Task goal
Reproduce, word for word, every line starting at the line that contains "unfolding storey_R_eq_Max by simp" and ending with the final line of the entries.

[Collected data entries]
--------
lemma order_stat_le_iff:
  fixes x :: "'m::finite \<Rightarrow> real"
  assumes "1 \<le> r" "r \<le> CARD('m)"
  shows "order_stat x r \<le> c \<longleftrightarrow> r \<le> card {i. x i \<le> c}"
proof -
  define xs where "xs = sorted_list_of_multiset (image_mset x (mset_set (UNIV :: 'm set)))"
  have mset_xs: "mset xs = image_mset x (mset_set UNIV)"
    unfolding xs_def by simp
  have "length (filter (\<lambda>v. v \<le> c) xs) = size (filter_mset (\<lambda>v. v \<le> c) (mset xs))"
    by (metis mset_filter size_mset)
  also have "\<dots> = card {i. x i \<le> c}"
    by (simp add: mset_xs filter_mset_image_mset filter_mset_mset_set)
  finally have "length (filter (\<lambda>v. v \<le> c) xs) = card {i. x i \<le> c}" .
  moreover have "length xs = CARD('m)"
    using arg_cong[OF mset_xs, of size] by simp
  moreover have "order_stat x r = xs ! (r - 1)"
    unfolding order_stat_def xs_def ..
  ultimately show ?thesis
    using sorted_nth_iff_less_length_filter[of xs "r - 1" "\<lambda>v. v \<le> c"] assms
    by (auto simp: xs_def)
qed

lemma order_stat_mono:
  fixes x y :: "'m::finite \<Rightarrow> real"
  assumes "x \<le> y" "1 \<le> r" "r \<le> CARD('m)"
  shows "order_stat x r \<le> order_stat y r"
proof -
  have "r \<le> card {j. y j \<le> order_stat y r}"
    using order_stat_le_iff assms(2,3) by blast
  also have "\<dots> \<le> card {j. x j \<le> order_stat y r}"
    using assms(1) by (intro card_mono) (auto simp: le_fun_def intro: order_trans)
  finally show ?thesis
    using order_stat_le_iff assms(2,3) by blast
qed

section \<open>The Storey-BH procedure\<close>

definition storey_R_set :: "real \<Rightarrow> real \<Rightarrow> ('m::finite \<Rightarrow> real) \<Rightarrow> nat set" where
  "storey_R_set alpha lam x = {r \<in> {1..CARD('m)}.
     order_stat x r \<le> alpha * real r / (real CARD('m) * storey_pi0 lam x) \<and> order_stat x r < lam}"

definition storey_thr :: "real \<Rightarrow> real \<Rightarrow> ('m::finite \<Rightarrow> real) \<Rightarrow> real" where
  "storey_thr alpha lam x = alpha * real (storey_R alpha lam x) / (real CARD('m) * storey_pi0 lam x)"

lemma storey_R_eq_Max: "storey_R alpha lam x = Max (storey_R_set alpha lam x \<union> {0})"
  unfolding storey_R_def storey_R_set_def ..

lemma storey_rej_iff: "i \<in> storey_rej alpha lam x \<longleftrightarrow> x i \<le> storey_thr alpha lam x \<and> x i < lam"
  unfolding storey_rej_def storey_thr_def by simp

lemma finite_storey_R_set [simp]: "finite (storey_R_set alpha lam x)"
  unfolding storey_R_set_def by simp

lemma storey_R_ge: "r \<in> storey_R_set alpha lam x \<Longrightarrow> r \<le> storey_R alpha lam x"
  unfolding storey_R_eq_Max by simp

lemma storey_R_in_set:
  assumes "1 \<le> storey_R alpha lam x"
  shows "storey_R alpha lam x \<in> storey_R_set alpha lam x"
proof -
  have "storey_R alpha lam x \<in> storey_R_set alpha lam x \<union> {0}"
    unfolding storey_R_eq_Max by (intro Max_in) auto
  then show ?thesis using assms by auto
qed

lemma storey_R_le_card: "storey_R alpha lam (x::'m::finite \<Rightarrow> real) \<le> CARD('m)"
  unfolding storey_R_eq_Max by (auto simp: storey_R_set_def)

lemma storey_A_le_card: "storey_A lam (x::'m::finite \<Rightarrow> real) \<le> CARD('m)"
  unfolding storey_A_def by (simp add: card_mono)

lemma storey_A_mono: "x \<le> y \<Longrightarrow> storey_A lam x \<le> storey_A lam y"
  unfolding storey_A_def by (intro card_mono) (auto simp: le_fun_def intro: order_trans)

lemma card_mult_storey_pi0:
  "real CARD('m) * storey_pi0 lam (x::'m::finite \<Rightarrow> real) = (1 + real (storey_A lam x)) / (1 - lam)"
  unfolding storey_pi0_def by simp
--------
Finished task
  unfolding storey_R_eq_Max by simp

lemma storey_R_in_set:
  assumes "1 \<le> storey_R alpha lam x"
  shows "storey_R alpha lam x \<in> storey_R_set alpha lam x"
proof -
  have "storey_R alpha lam x \<in> storey_R_set alpha lam x \<union> {0}"
    unfolding storey_R_eq_Max by (intro Max_in) auto
  then show ?thesis using assms by auto
qed

lemma storey_R_le_card: "storey_R alpha lam (x::'m::finite \<Rightarrow> real) \<le> CARD('m)"
  unfolding storey_R_eq_Max by (auto simp: storey_R_set_def)

lemma storey_A_le_card: "storey_A lam (x::'m::finite \<Rightarrow> real) \<le> CARD('m)"
  unfolding storey_A_def by (simp add: card_mono)

lemma storey_A_mono: "x \<le> y \<Longrightarrow> storey_A lam x \<le> storey_A lam y"
  unfolding storey_A_def by (intro card_mono) (auto simp: le_fun_def intro: order_trans)

lemma card_mult_storey_pi0:
  "real CARD('m) * storey_pi0 lam (x::'m::finite \<Rightarrow> real) = (1 + real (storey_A lam x)) / (1 - lam)"
  unfolding storey_pi0_def by simp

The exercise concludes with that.